NPR reported that Motel 6 “did acknowledge that guest lists were given to authorities but denied that senior management was aware of the practice.” The hotel chain also stated that, as of last fall, it had called for all locations to stop sharing guest lists with ICE (Immigration and Customs Enforcement).
The settlement will resolve the class-action lawsuit, filed in Phoenix last January on behalf of the registered guests. It alleges that Motel 6 devised a “corporate policy” that allowed certain hotel locations to give ICE agents guests’ personal information, a company rule that violated customers’ rights to privacy, as well as Motel 6’s own private policy. The plaintiffs assert that the corporate plan discriminated on the basis of race, by targeting Latinos.
Motel 6’s agreement to settle the case does not include any admission of wrongdoing, and the franchise company continues to deny that it had any illegal policies.
The tentative settlement agrees to pay anyone who had their information shared with immigration agents $50; anyone who was questioned by authorities as a result of their data being shared with ICE $1,000; and anyone who was placed in deportation proceedings not less than $7,500.”
MALDEF and Motel 6 issued a joint statement, according to NPR.org. It states that Motel 6 “fully recognizes the seriousness of the situation and accepts full responsibility for both compensating those who were harmed and taking the necessary steps to ensure that we protect the privacy of our guests.” As part of the agreement, Motel 6 has implemented additional controls to protect private information and enhance corporate oversight in cases where law enforcement requests information, including when lawful requests are made."
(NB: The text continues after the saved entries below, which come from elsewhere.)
(* A measure $\mu$ on $\mathbb Z$ is a doubling minimizer if and only if it is constant.
   Context: $\mathbb Z$ is regarded as the infinite path graph with edges $\{j,j+1\}$ and distance $d(i,j)=|i-j|$. A measure $\mu$ is a weight function $\mu:\mathbb Z\to(0,\infty)$, with $\mu(A)=\sum_{v\in A}\mu(v)$. Closed balls are $B(x,r)=\{y:|x-y|\le r\}$. The doubling constant is $C_\mu=\sup\{\mu(B(x,2k+1))/\mu(B(x,k)): x\in \mathbb Z,\ k\in\{0,1,2,\dots\}\}$; $\mu$ is doubling if $C_\mu<\infty$; $C_{\mathbb Z}=\inf\{C_\mu:\mu\text{ doubling}\}$. A doubling minimizer is a doubling measure $\mu$ with $C_\mu=C_{\mathbb Z}$. *)

theory Defs
  imports "HOL-Analysis.Analysis"
begin

definition is_measure :: "(int \<Rightarrow> real) \<Rightarrow> bool" where
  "is_measure \<mu> \<longleftrightarrow> (\<forall>v. \<mu> v > 0)"

definition ball_Z :: "int \<Rightarrow> nat \<Rightarrow> int set" where
  "ball_Z x r = {y. \<bar>x - y\<bar> \<le> int r}"

definition meas :: "(int \<Rightarrow> real) \<Rightarrow> int set \<Rightarrow> real" where
  "meas \<mu> A = (\<Sum>v\<in>A. \<mu> v)"

definition doubling_const :: "(int \<Rightarrow> real) \<Rightarrow> ereal" where
  "doubling_const \<mu> =
     (SUP p \<in> (UNIV :: (int \<times> nat) set).
        ereal (meas \<mu> (ball_Z (fst p) (2 * snd p + 1)) / meas \<mu> (ball_Z (fst p) (snd p))))"

definition doubling :: "(int \<Rightarrow> real) \<Rightarrow> bool" where
  "doubling \<mu> \<longleftrightarrow> is_measure \<mu> \<and> doubling_const \<mu> < \<infinity>"

definition C_Z :: ereal where
  "C_Z = (INF \<mu> \<in> {\<mu>. doubling \<mu>}. doubling_const \<mu>)"

definition doubling_minimizer :: "(int \<Rightarrow> real) \<Rightarrow> bool" where
  "doubling_minimizer \<mu> \<longleftrightarrow> doubling \<mu> \<and> doubling_const \<mu> = C_Z"

end

theory Submission
  imports Defs
begin

text \<open>At radius 0 the doubling ratio at x is (\<mu>(x-1) + \<mu> x + \<mu>(x+1)) / \<mu> x, so
  a measure with doubling constant at most 3 is discretely concave. A concave function
  on Z that is bounded below is constant: a strict descent in either direction would
  continue with at least the same slope and eventually drive it below any bound.
  Conversely a constant measure has doubling constant exactly 3, because B(x,2k+1)
  has 4k+3 \<le> 3(2k+1) points. Hence C_Z = 3, and it is
  attained precisely by the constant measures.\<close>

lemma ball_Z_eq_atLeastAtMost: "ball_Z x r = {x - int r .. x + int r}"
  unfolding ball_Z_def by auto

lemma meas_const_ball_Z: "meas (\<lambda>_. c) (ball_Z x r) = c * (2 * real r + 1)"
proof -
  have "card (ball_Z x r) = 2 * r + 1"
    unfolding ball_Z_eq_atLeastAtMost by simp
  then show ?thesis
    unfolding meas_def by simp
qed

lemma concave_bounded_below_mono_step:
  fixes f :: "int \<Rightarrow> real"
  assumes concave: "\<And>x. f (x - 1) + f (x + 1) \<le> 2 * f x"
    and bound: "\<And>x. b \<le> f x"
  shows "f x \<le> f (x + 1)"
proof (rule ccontr)
  define d where "d = f (x + 1) - f x"
  assume "\<not> f x \<le> f (x + 1)"
  then have "d < 0"
    unfolding d_def by simp
  have slope: "f (x + int n + 1) - f (x + int n) \<le> d" for n
  proof (induction n)
    case (Suc n)
    then show ?case
      using concave[of "x + int n + 1"] by (simp add: algebra_simps)
  qed (simp add: d_def)
  have descent: "f (x + int n) \<le> f x + real n * d" for n
  proof (induction n)
    case (Suc n)
    then show ?case
      using slope[of n] by (simp add: algebra_simps)
  qed simp
  obtain n where "f x - b < real n * (- d)"
    using ex_less_of_nat_mult \<open>d < 0\<close> by (metis neg_0_less_iff_less)
  then show False
    using descent[of n] bound[of "x + int n"] by (simp add: algebra_simps)
qed

lemma concave_bounded_below_const:
  fixes f :: "int \<Rightarrow> real"
  assumes concave: "\<And>x. f (x - 1) + f (x + 1) \<le> 2 * f x"
    and bound: "\<And>x. b \<le> f x"
  shows "f x = f 0"
proof -
  have step: "f (x + 1) = f x" for x
  proof (rule antisym)
    show "f x \<le> f (x + 1)"
      using concave_bounded_below_mono_step[OF concave bound] .
    \<comment> \<open>the mirror image of f is concave and bounded below as well\<close>
    have "f (- (- x - 1)) \<le> f (- (- x - 1 + 1))"
      by (rule concave_bounded_below_mono_step[where f = "\<lambda>y. f (- y)" and b = b])
        (use concave[of "- _"] bound in \<open>simp_all add: add.commute\<close>)
    then show "f (x + 1) \<le> f x"
      by (simp add: add.commute)
  qed
  show ?thesis
    by (induction x rule: int_induct[where k = 0]) (simp_all add: step flip: step[of "_ - 1"])
qed

lemma doubling_ratio_le_doubling_const:
  "ereal (meas \<mu> (ball_Z x (2 * k + 1)) / meas \<mu> (ball_Z x k)) \<le> doubling_const \<mu>"
  unfolding doubling_const_def by (rule SUP_upper2[of "(x, k)"]) auto

lemma doubling_const_const:
  assumes "c > 0"
  shows "doubling_const (\<lambda>_. c) = 3"
proof (rule antisym)
  show "doubling_const (\<lambda>_. c) \<le> 3"
    unfolding doubling_const_def
  proof (rule SUP_least)
    fix p :: "int \<times> nat"
    have "c * (2 * real (2 * snd p + 1) + 1) \<le> 3 * (c * (2 * real (snd p) + 1))"
      using assms by (simp add: algebra_simps)
    then show "ereal (meas (\<lambda>_. c) (ball_Z (fst p) (2 * snd p + 1))
        / meas (\<lambda>_. c) (ball_Z (fst p) (snd p))) \<le> 3"
      using assms by (simp add: meas_const_ball_Z divide_le_eq)
  qed
  show "3 \<le> doubling_const (\<lambda>_. c)"
    using doubling_ratio_le_doubling_const[of "\<lambda>_. c" 0 0] assms
    by (simp add: meas_const_ball_Z)
qed

lemma doubling_const_le_3_imp_const:
  assumes \<mu>: "is_measure \<mu>" and le: "doubling_const \<mu> \<le> 3"
  shows "\<mu> = (\<lambda>_. \<mu> 0)"
proof
  have pos: "\<mu> x > 0" for x
    using \<mu> unfolding is_measure_def by blast
  have "\<mu> (x - 1) + \<mu> (x + 1) \<le> 2 * \<mu> x" for x
  proof -
    have "ball_Z x 1 = {x - 1, x, x + 1}" "ball_Z x 0 = {x}"
      unfolding ball_Z_def by auto
    then have "ereal ((\<mu> (x - 1) + \<mu> x + \<mu> (x + 1)) / \<mu> x) \<le> 3"
      using order_trans[OF doubling_ratio_le_doubling_const[of \<mu> x 0] le]
      by (simp add: meas_def add.assoc)
    then show ?thesis
      using pos[of x] by (simp add: divide_le_eq)
  qed
  then show "\<mu> x = \<mu> 0" for x
    using concave_bounded_below_const[where b = 0] pos by (meson less_imp_le)
qed

lemma doubling_const_ge_3:
  assumes "is_measure \<mu>"
  shows "3 \<le> doubling_const \<mu>"
proof (rule ccontr)
  assume "\<not> 3 \<le> doubling_const \<mu>"
  then have "\<mu> = (\<lambda>_. \<mu> 0)"
    using doubling_const_le_3_imp_const[OF assms] by simp
  moreover have "\<mu> 0 > 0"
    using assms unfolding is_measure_def by blast
  ultimately have "doubling_const \<mu> = 3"
    by (metis doubling_const_const)
  with \<open>\<not> 3 \<le> doubling_const \<mu>\<close> show False
    by simp
qed

lemma C_Z_eq_3: "C_Z = 3"
proof -
  have "doubling (\<lambda>_. 1)"
    unfolding doubling_def is_measure_def by (simp add: doubling_const_const)
  then have "C_Z \<le> 3"
    unfolding C_Z_def by (metis INF_lower doubling_const_const mem_Collect_eq zero_less_one)
  moreover have "3 \<le> C_Z"
    unfolding C_Z_def doubling_def by (rule INF_greatest) (blast intro: doubling_const_ge_3)
  ultimately show ?thesis
    by simp
qed

theorem theorem4p6:
  fixes \<mu> :: "int \<Rightarrow> real"
  assumes "is_measure \<mu>"
  shows "doubling_minimizer \<mu> \<longleftrightarrow> (\<exists>c. \<forall>x. \<mu> x = c)"
proof
  assume "doubling_minimizer \<mu>"
  then have "doubling_const \<mu> \<le> 3"
    unfolding doubling_minimizer_def C_Z_eq_3 by simp
  then show "\<exists>c. \<forall>x. \<mu> x = c"
    using doubling_const_le_3_imp_const[OF assms] by metis
next
  assume "\<exists>c. \<forall>x. \<mu> x = c"
  then obtain c where "\<mu> = (\<lambda>_. c)"
    by auto
  moreover from this have "c > 0"
    using assms unfolding is_measure_def by simp
  ultimately have "doubling_const \<mu> = 3"
    by (simp add: doubling_const_const)
  then show "doubling_minimizer \<mu>"
    unfolding doubling_minimizer_def doubling_def C_Z_eq_3 using assms by simp
qed

end
lemma shrink_translated_dilate:
  assumes Q: "convex Q" and q0: "q0 \<in> Q" and t: "0 \<le> t" "t \<le> s"
    and fits: "\<forall>q\<in>Q. p + s *\<^sub>R (q - q0) \<in> P" and q: "q \<in> Q"
  shows "p + t *\<^sub>R (q - q0) \<in> P"
proof (cases "s = 0")
  case True
  then show ?thesis
    using t fits q0 by force
next
  case False
  define q' where "q' = (1 - t / s) *\<^sub>R q0 + (t / s) *\<^sub>R q"
  have "q' \<in> Q"
    unfolding q'_def using Q q0 q t False by (intro convexD) (auto simp: field_simps)
  moreover have "s *\<^sub>R (q' - q0) = t *\<^sub>R (q - q0)"
    using False by (simp add: q'_def algebra_simps)
  ultimately show ?thesis
    using fits by metis
qed
(* For every integer $d\ge1$ there is a constant $C>0$ depending only on $d$ such that the following holds. Let $L\in\mathcal A_d$, $\eta>0$, $m\ge d+2$, and let $z_1,\dots,z_m\in B(L,\eta)$. Then there exist distinct indices $i_1,\dots,i_{d+1}\in\{1,\dots,m\}$ and $H\in\mathcal A_d$ containing $z_{i_1},\dots,z_{i_{d+1}}$ (so that $H$ is their affine hull whenever these $d+1$ points are affinely independent) such that $z_1,\dots,z_m\in B(H,C\eta)$.
   Context: $\mathcal A_d$ denotes the set of $d$-dimensional affine subspaces of $\mathbb R^D$. For $A\subset\mathbb R^D$ and $r>0$, $B(A,r)=\{y\in\mathbb R^D:\inf_{a\in A}\|y-a\|<r\}$ (Euclidean norm). *)

theory Defs
  imports "HOL-Analysis.Analysis"
begin

text \<open>Since the constant C must depend only on d (not on the ambient dimension D),
  D is an ordinary natural number quantified inside the statement.  Points of R^D are
  represented as functions nat => real vanishing at all coordinates i >= D.\<close>

definition RD :: "nat \<Rightarrow> (nat \<Rightarrow> real) set" where
  "RD D = {x. \<forall>i\<ge>D. x i = 0}"

definition edist :: "nat \<Rightarrow> (nat \<Rightarrow> real) \<Rightarrow> (nat \<Rightarrow> real) \<Rightarrow> real" where
  "edist D x y = sqrt (\<Sum>i<D. (x i - y i)^2)"

definition lin_indep :: "nat \<Rightarrow> (nat \<Rightarrow> nat \<Rightarrow> real) \<Rightarrow> bool" where
  "lin_indep d v = (\<forall>t::nat \<Rightarrow> real. (\<forall>i. (\<Sum>j<d. t j * v j i) = 0) \<longrightarrow> (\<forall>j<d. t j = 0))"

definition aff_subspaces :: "nat \<Rightarrow> nat \<Rightarrow> (nat \<Rightarrow> real) set set" where
  "aff_subspaces D d = {A. \<exists>p v. p \<in> RD D \<and> (\<forall>j<d. v j \<in> RD D) \<and> lin_indep d v \<and>
      A = {x. \<exists>t::nat \<Rightarrow> real. x = (\<lambda>i. p i + (\<Sum>j<d. t j * v j i))}}"

definition nbhd :: "nat \<Rightarrow> (nat \<Rightarrow> real) set \<Rightarrow> real \<Rightarrow> (nat \<Rightarrow> real) set" where
  "nbhd D A r = {y \<in> RD D. (INF a\<in>A. edist D y a) < r}"

end

theory Submission
  imports Defs "HOL-Library.Function_Algebras" "Jordan_Normal_Form.Determinant"
    "Jordan_Normal_Form.Char_Poly"
begin

(* Write L = {p + \<Sum>j<d. t j * v j} and pick for every z_k a parameter
   T k \<in> R^d with the point of L it describes at distance < \<eta> from z_k.  After an arbitrarily
   small perturbation (which keeps these distances < \<eta>) the parameters of z_1,...,z_(d+1)
   span a nondegenerate simplex in R^d.  Among all (d+1)-tuples of indices choose one, fs, whose
   parameter simplex has maximal volume |det|.  By Cramer's rule every parameter U k is then an
   affine combination U(fs d) + \<Sum>j<d. x j * (U(fs j) - U(fs d)) with all |x j| \<le> 1, since
   replacing a vertex by U k cannot increase the volume.  Let H be a d-dimensional affine
   subspace containing the points z(fs 0),...,z(fs d); the same combination of these points
   lies in H, and because the parametrisation of L is affine, its distance to z_k is at most
   the combined errors, i.e. < (2d+2)\<eta>. *)

no_notation Finite_Cartesian_Product.vec_nth (infixl "$" 90)


subsection \<open>Euclidean distance and neighbourhoods\<close>

lemma edist_eq_L2_set: "edist D x y = L2_set (\<lambda>i. x i - y i) {..<D}"
  by (simp add: edist_def L2_set_def)

lemma L2_set_diff_le: "L2_set (\<lambda>i. f i - g i) A \<le> L2_set f A + L2_set g A"
proof -
  have "L2_set (\<lambda>i. f i - g i) A = L2_set (\<lambda>i. f i + (- g i)) A" by simp
  also have "\<dots> \<le> L2_set f A + L2_set (\<lambda>i. - g i) A" by (rule L2_set_triangle_ineq)
  also have "L2_set (\<lambda>i. - g i) A = L2_set g A" by (simp add: L2_set_def)
  finally show ?thesis .
qed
Blue MauMau reported last January that Washington state’s attorney general had also filed a lawsuit against Motel 6, alleging the national hotel chain instigated a corporate policy in 2015 that directed certain hotels to provide immigration enforcement agents with guests’ personal information, those who had familiar Latino names. Filed in King County Superior Court, the complaint states that some or all of the information the U.S. Immigration and Customs Enforcement (ICE) agents were seeking included the name, room number, guest identification number, date of birth, driver license number, and license plate number.
That alleged plot was that ICE agents would approach the receptionist and request a printed list of the names of guests. Motel 6 staff said they observed the agents circling those that were likely Latino. On a number of occasions, the officers made arrests after looking at the guests’ identity.
A New Times reporter was quoted by NPR saying that his publication had looked at all the cases and did not find that the persons had any outstanding warrants, and there weren’t any complaints filed. In addition, there were no signs that they were violating other laws while staying at the motels. He stated, “In other words, they weren’t bothering anybody.” He said he couldn’t see what problem it was causing for the motels to have them as customers.
The Washington state lawsuit filed by the Attorney General is still pending.